Comprehensive notes, formulas, and practice questions for Graphs.

Graphs

Distance–Time Graphs

What you'll learn

  • Plotting distance on y-axis and time on x-axis to visualise motion.
  • Straight line through origin → uniform motion; slope = speed.
  • Steeper slope → higher speed; horizontal line → object at rest.
  • Reading graphs to compare two athletes or vehicles.
  • NCERT graph paper exercises for school track data.
  • Interpreting curved lines as non-uniform (acceleration — intro only).

Key concepts

Level 1 — Core idea

  1. Distance-time graph — each point (t, d) shows position at that instant.

  2. Slope — rise/run = Δd/Δt = speed (for uniform motion).
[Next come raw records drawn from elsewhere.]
lemma wall_point_only_hyperplane:
  assumes r: "p \<in> regular \<Phi>" and W: "wall_point p b k w \<rho>" and u: "dist u w < \<rho>"
    and \<beta>: "\<beta> \<in> \<Phi>" "u \<bullet> \<beta> = of_int j"
  shows "\<beta> = b \<or> \<beta> = - b"
proof (rule ccontr)
  assume nb: "\<not> (\<beta> = b \<or> \<beta> = - b)"
  have b: "b \<in> \<Phi>" using W by (simp add: wall_point_def)
  have "rot90 \<beta> \<bullet> b \<noteq> 0"
    using parallel_roots[OF \<beta>(1) b] nb by (auto simp: inner_commute)
  then obtain t where t: "dist (u + t *\<^sub>R rot90 \<beta>) w < \<rho>" "(u + t *\<^sub>R rot90 \<beta>) \<bullet> b \<noteq> of_int k"
    using exists_shift_off_hyperplane[OF u] by blast
  have "(u + t *\<^sub>R rot90 \<beta>) \<bullet> \<beta> = of_int j" using \<beta>(2) by (simp add: inner_add_left)
  moreover have "u + t *\<^sub>R rot90 \<beta> \<in> regular \<Phi>" using wall_point_ball_regular[OF r W t] .
  ultimately show False using \<beta>(1) by (auto simp: regular_iff)
qed

lemma shi_across_wall_point:
  assumes r: "p \<in> regular \<Phi>" and W: "wall_point p b k w \<rho>" and e: "0 < \<epsilon>" "\<epsilon> * norm b < \<rho>"
    and \<beta>: "\<beta> \<in> \<Phi>" "\<beta> \<noteq> b" "\<beta> \<noteq> - b"
  shows "shi \<beta> (w - \<epsilon> *\<^sub>R b) = shi \<beta> (w + \<epsilon> *\<^sub>R b)"
proof (rule ccontr)
  let ?c = "b \<bullet> \<beta>" and ?a = "w \<bullet> \<beta>"
  assume "shi \<beta> (w - \<epsilon> *\<^sub>R b) \<noteq> shi \<beta> (w + \<epsilon> *\<^sub>R b)"
  then obtain j :: int where j: "min (?a - \<epsilon> * ?c) (?a + \<epsilon> * ?c) < of_int j"
    "of_int j \<le> max (?a - \<epsilon> * ?c) (?a + \<epsilon> * ?c)"
    using int_between_if_floor_neq by (fastforce simp: shi_def inner_diff_left inner_add_left)
  then have c0: "?c \<noteq> 0" by auto
  define t where "t = (of_int j - ?a) / ?c"
  have tc: "t * ?c = of_int j - ?a" using c0 by (simp add: t_def)
  have "\<bar>t * ?c\<bar> \<le> \<epsilon> * \<bar>?c\<bar>"
  proof (cases "?c > 0")
    case True
    then have "0 < \<epsilon> * ?c" using e(1) by simp
    then show ?thesis using j True unfolding tc by (auto simp: min_def max_def split: if_splits)
  next
    case False
    then have "\<epsilon> * ?c < 0" using c0 e(1) by (simp add: mult_pos_neg)
    then show ?thesis using j False unfolding tc by (auto simp: min_def max_def split: if_splits)
  qed
  then have "\<bar>t\<bar> \<le> \<epsilon>" using c0 by (simp add: abs_mult)
  then have "dist (w + t *\<^sub>R b) w < \<rho>"
    using e(2) mult_right_mono[of "\<bar>t\<bar>" \<epsilon> "norm b"] by (simp add: dist_norm)
  moreover have "(w + t *\<^sub>R b) \<bullet> \<beta> = of_int j" using tc by (simp add: inner_add_left)
  ultimately show False using wall_point_only_hyperplane[OF r W _ \<beta>(1)] \<beta>(2,3) by blast
qed

lemma shi_refl_wall_point:
  assumes r: "p \<in> regular \<Phi>" and W: "wall_point p b k w \<rho>"
  shows "\<And>\<beta>. \<beta> \<in> \<Phi> \<Longrightarrow> \<beta> \<noteq> b \<Longrightarrow> \<beta> \<noteq> - b \<Longrightarrow> shi \<beta> (refl b k p) = shi \<beta> p"
    and "shi b (refl b k p) = k - 1" and "shi (- b) (refl b k p) = - k"
proof -
  obtain \<epsilon> where e: "0 < \<epsilon>" "\<epsilon> * norm b < \<rho>" "\<epsilon> * (b \<bullet> b) < 1" using wall_point_eps[OF W] .
  have b: "b \<in> \<Phi>" "w \<bullet> b = of_int k" using W by (auto simp: wall_point_def)
  have bb: "0 < b \<bullet> b" using root_nonzero[OF b(1)] by simp
  let ?v = "w + \<epsilon> *\<^sub>R b"
  have "dist ?v w < \<rho>" "of_int k < ?v \<bullet> b" using e bb b(2) by (simp_all add: dist_norm inner_add_left)
  then have shi_v: "\<forall>\<beta>\<in>\<Phi>. shi \<beta> ?v = shi \<beta> p" using W by (auto simp: wall_point_def)
  have "refl b k ?v = w - \<epsilon> *\<^sub>R b" using refl_hyp_add_scaleR[OF root_nonzero[OF b(1)] b(2)] .
  then have shi_p': "\<forall>\<beta>\<in>\<Phi>. shi \<beta> (refl b k p) = shi \<beta> (w - \<epsilon> *\<^sub>R b)"
    using same_shi_aff_sym[OF aff_sym_refl[OF b(1), of k] shi_v] by simp
  have wb: "(w - \<epsilon> *\<^sub>R b) \<bullet> b = of_int k - \<epsilon> * (b \<bullet> b)" using b by (simp add: inner_diff_left)
  have "shi b (refl b k p) = shi b (w - \<epsilon> *\<^sub>R b)" using shi_p' b(1) by simp
  also have "\<dots> = k - 1" unfolding shi_def floor_eq_iff using wb e bb by simp
  finally show "shi b (refl b k p) = k - 1" .
  have "shi (- b) (refl b k p) = shi (- b) (w - \<epsilon> *\<^sub>R b)" using shi_p' uminus_root[OF b(1)] by simp
  also have "\<dots> = - k" unfolding shi_def floor_eq_iff using wb e bb by simp
  finally show "shi (- b) (refl b k p) = - k" .
  fix \<beta> assume "\<beta> \<in> \<Phi>" "\<beta> \<noteq> b" "\<beta> \<noteq> - b"
  then show "shi \<beta> (refl b k p) = shi \<beta> p"
    using shi_across_wall_point[OF r W e(1,2)] shi_p' shi_v by simp
qed

lemma wall_point_closure:
  assumes W: "wall_point p b k w \<rho>" and z: "dist z w < \<rho>" "z \<bullet> b = of_int k" and r: "p \<in> regular \<Phi>"
  shows "z \<in> closure (alcove p)"
proof (rule in_closure_if_ray_in)
  have b: "b \<in> \<Phi>" using W by (simp add: wall_point_def)
  then have nb: "0 < norm b" "0 < b \<bullet> b" using root_nonzero by auto
  show "0 < (\<rho> - dist z w) / norm b" using z(1) nb by simp
  fix t assume t: "0 < t" "t < (\<rho> - dist z w) / norm b"
  then have "dist (z + t *\<^sub>R b) w < \<rho>"
    using dist_triangle[of "z + t *\<^sub>R b" w z] nb by (simp add: dist_norm pos_less_divide_eq)
  moreover have "of_int k < (z + t *\<^sub>R b) \<bullet> b" using z(2) t nb by (simp add: inner_add_left)
  ultimately show "z + t *\<^sub>R b \<in> alcove p"
    using W same_shi_in_alcove[OF r] by (auto simp: wall_point_def)
qed

lemma wall_point_simple_refl:
  assumes r: "p \<in> regular \<Phi>" and W: "wall_point p b k w \<rho>"
  shows "refl b k \<in> simple_refls \<Phi> (alcove p)"
proof -
  have b: "b \<in> \<Phi>" "w \<bullet> b = of_int k" "0 < \<rho>" using W by (auto simp: wall_point_def)
  have nb: "0 < norm b" using root_nonzero[OF b(1)] by simp
  let ?w' = "w + (\<rho> / (2 * norm b)) *\<^sub>R rot90 b"
  have "dist ?w' w < \<rho>" using b(3) nb by (simp add: dist_norm)
  moreover have "?w' \<bullet> b = of_int k" using b(2) by (simp add: inner_add_left)
  ultimately have "w \<in> closure (alcove p) \<inter> hyp b k" "?w' \<in> closure (alcove p) \<inter> hyp b k"
    using wall_point_closure[OF W _ _ r] b by (auto simp: hyp_def)
  moreover have "rot90 b \<noteq> 0" using nb by (metis norm_rot90 norm_zero less_irrefl)
  then have "w \<noteq> ?w'" using b(3) nb by simp
  ultimately show ?thesis
    using b(1) unfolding simple_refls_def by blast
qed

end

context root_sys
begin

text \<open>Here the plane is used: two distinct points of \<open>H\<^sub>b\<^sub>,\<^sub>k\<close> determine it, so they cannot both lie
  on another hyperplane.\<close>

lemma midpoint_wall_in_halfplanes:
  assumes r: "p \<in> regular \<Phi>" and b: "b \<in> \<Phi>" "shi b p = k"
    and p12: "p1 \<noteq> p2" "p1 \<in> closure (alcove p)" "p2 \<in> closure (alcove p)"
      "p1 \<bullet> b = of_int k" "p2 \<bullet> b = of_int k"
    and \<beta>: "\<beta> \<in> \<Phi>" "\<beta> \<noteq> b"
  shows "of_int (shi \<beta> p) < ((1/2) *\<^sub>R (p1 + p2)) \<bullet> \<beta>"
proof (rule ccontr)
  let ?m = "(1/2) *\<^sub>R (p1 + p2)"
  assume "\<not> of_int (shi \<beta> p) < ?m \<bullet> \<beta>"
  moreover have "of_int (shi \<beta> p) \<le> p1 \<bullet> \<beta>" "of_int (shi \<beta> p) \<le> p2 \<bullet> \<beta>"
    using closure_alcove_shi_le \<beta>(1) p12(2,3) by blast+
  ultimately have "p1 \<bullet> \<beta> = of_int (shi \<beta> p)" "p2 \<bullet> \<beta> = of_int (shi \<beta> p)"
    by (simp_all add: inner_add_left)
  then have d\<beta>: "(p1 - p2) \<bullet> \<beta> = 0" by (simp add: inner_diff_left)
  have "(p1 - p2) \<bullet> b = 0" using p12(4,5) by (simp add: inner_diff_left)
  then have d: "p1 - p2 = (((p1 - p2) \<bullet> rot90 b) / (b \<bullet> b)) *\<^sub>R rot90 b"
    using rot90_parallel_if_orthogonal[OF root_nonzero[OF b(1)]] by blast
  then have "(p1 - p2) \<bullet> rot90 b \<noteq> 0" using p12(1) by (metis divide_eq_0_iff eq_iff_diff_eq_0 scaleR_zero_left)
  then have "rot90 b \<bullet> \<beta> = 0" using d\<beta> root_nonzero[OF b(1)] by (subst (asm) d) simp
  then have "\<beta> = - b" using parallel_roots[OF b(1) \<beta>(1)] \<beta>(2) by (simp add: inner_commute)
  moreover have "?m \<bullet> b = of_int k" using p12(4,5) by (simp add: inner_add_left)
  moreover have "shi (- b) p = - k - 1" using shi_uminus[OF r b(1)] b(2) by simp
  ultimately show False using \<open>\<not> of_int (shi \<beta> p) < ?m \<bullet> \<beta>\<close> by simp
qed

lemma simple_refl_wall_point:
  assumes r: "p \<in> regular \<Phi>" and s: "s \<in> simple_refls \<Phi> (alcove p)"
  shows "\<exists>b k w \<rho>. s = refl b k \<and> wall_point p b k w \<rho>"
proof -
  obtain b0 k0 p1 p2 where s0: "s = refl b0 k0" "b0 \<in> \<Phi>" "p1 \<noteq> p2"
    "p1 \<in> closure (alcove p)" "p2 \<in> closure (alcove p)" "p1 \<bullet> b0 = of_int k0" "p2 \<bullet> b0 = of_int k0"
    using s unfolding simple_refls_def hyp_def by blast
  obtain b k where bk: "s = refl b k" "b \<in> \<Phi>" "p1 \<bullet> b = of_int k" "p2 \<bullet> b = of_int k" "of_int k < p \<bullet> b"
  proof (cases "of_int k0 < p \<bullet> b0")
    case False
    moreover have "p \<bullet> b0 \<noteq> of_int k0" using r s0(2) by (simp add: regular_iff)
    ultimately have "of_int (-k0) < p \<bullet> (-b0)" by simp
    then show ?thesis using that[of "-b0" "-k0"] uminus_root[OF s0(2)] s0 refl_uminus by simp
  qed (use that s0 in blast)
  let ?m = "(1/2) *\<^sub>R (p1 + p2)"
  have "k \<le> shi b p" using bk(5) unfolding shi_def by (simp add: le_floor_iff)
  moreover have "of_int (shi b p) \<le> p1 \<bullet> b" using closure_alcove_shi_le[OF s0(4) bk(2)] .
  ultimately have shi_b: "shi b p = k" using bk(3) by simp
  let ?U = "\<Inter>\<beta>\<in>\<Phi> - {b}. {v. of_int (shi \<beta> p) < \<beta> \<bullet> v}"
  have "open ?U" using finite_roots by (intro open_INT) (auto intro: open_halfspace_gt)
  moreover have "?m \<in> ?U"
    using midpoint_wall_in_halfplanes[OF r bk(2) shi_b s0(3-5) bk(3,4)] by (auto simp: inner_commute)
  ultimately obtain \<rho> where \<rho>: "0 < \<rho>" "ball ?m \<rho> \<subseteq> ?U" using open_contains_ball by blast
  have "wall_point p b k ?m \<rho>" unfolding wall_point_def
  proof (intro conjI allI impI bk(2) \<rho>(1))
    show "?m \<bullet> b = of_int k" using bk(3,4) by (simp add: inner_add_left)
    fix v assume "dist v ?m < \<rho>" "of_int k < v \<bullet> b"
    then have "v \<in> alcove p" using \<rho>(2) shi_b by (auto simp: alcove_def inner_commute dist_commute)
    then show "\<forall>\<beta>\<in>\<Phi>. shi \<beta> v = shi \<beta> p" using shi_alcove[OF r] by blast
  qed
  then show ?thesis using bk(1) by blast
qed

definition halfplanes :: "pt \<Rightarrow> pt set \<Rightarrow> pt set" where
  "halfplanes p J = {v. \<forall>\<beta>\<in>J. of_int (shi \<beta> p) < v \<bullet> \<beta>}"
  3. Horizontal portion — distance unchanged → object stationary.

Level 2 — Process and representation

  1. Diagram (text) — line from (0,0) to (5 s, 25 m): slope = 25/5 = 5 m/s.

  2. Comparing graphs — steeper line = faster object.

  3. Non-uniform — curved graph; slope changes at each point.

Level 3 — Applications and NCERT links

  1. NCERT Activity — plot data from walking 10 m every 2 s; verify straight line.

  2. Real world — GPS apps plot distance vs time on trips.

  3. Units on axes — always label metres (m) and seconds (s).

Worked example

Plotting and interpreting a distance-time graph for a walker

Data: time (s): 0, 2, 4, 6, 8; distance (m): 0, 6, 12, 12, 18.
Step 1 — Draw axes: x = time (s), y = distance (m); choose scale 1 cm = 2 s and 1 cm = 4 m.
Step 2 — Plot points (0,0), (2,6), (4,12), (6,12), (8,18).
Step 3 — Join with straight segments.
Step 4 — Segment 0–4 s: slope = 12/4 = 3 m/s (uniform walking).
Step 5 — Segment 4–6 s: horizontal → rest for 2 s (distance stays 12 m).
Step 6 — Segment 6–8 s: slope = (18−12)/(8−6) = 6/2 = 3 m/s (walking again).
Step 7 — Total distance = 18 m; total time = 8 s; average speed = 18/8 = 2.25 m/s.
Conclusion: graph shows motion, rest, and motion again; slope gives speed.

Common mistakes

MisconceptionWhat students thinkScientific correction
Plotting time on y-axis and distance on x-axis (wroPlotting time on y-axis and distance on x-axis (wrong convention for NCERT).Check the Key concepts and worked example for the NCERT-accurate version.
Calculating slope without matching units on both axCalculating slope without matching units on both axes.Check the Key concepts and worked example for the NCERT-accurate version.
Joining points with curves when motion between points wJoining points with curves when motion between points was uniform (use straight segments).Check the Key concepts and worked example for the NCERT-accurate version.
Confusing distance-time graph with speed-time gConfusing distance-time graph with speed-time graph.Check the Key concepts and worked example for the NCERT-accurate version.
Saying steeper line means slower motion.Saying steeper line means slower motion.Check the Key concepts and worked example for the NCERT-accurate version.
Confusing steepness with total distance.Confusing steepness with total distance.Check the Key concepts and worked example for the NCERT-accurate version.

Quick check

  • What does the slope of a distance-time graph represent?
  • How does the graph look for an object at rest?
  • Two lines: one slope 2 m/s, one 5 m/s — which is faster?
  • What does a horizontal segment on the graph mean?
  • From a graph, distance 40 m at 10 s — find speed.
  • Draw sketch of distance-time graph for uniform motion.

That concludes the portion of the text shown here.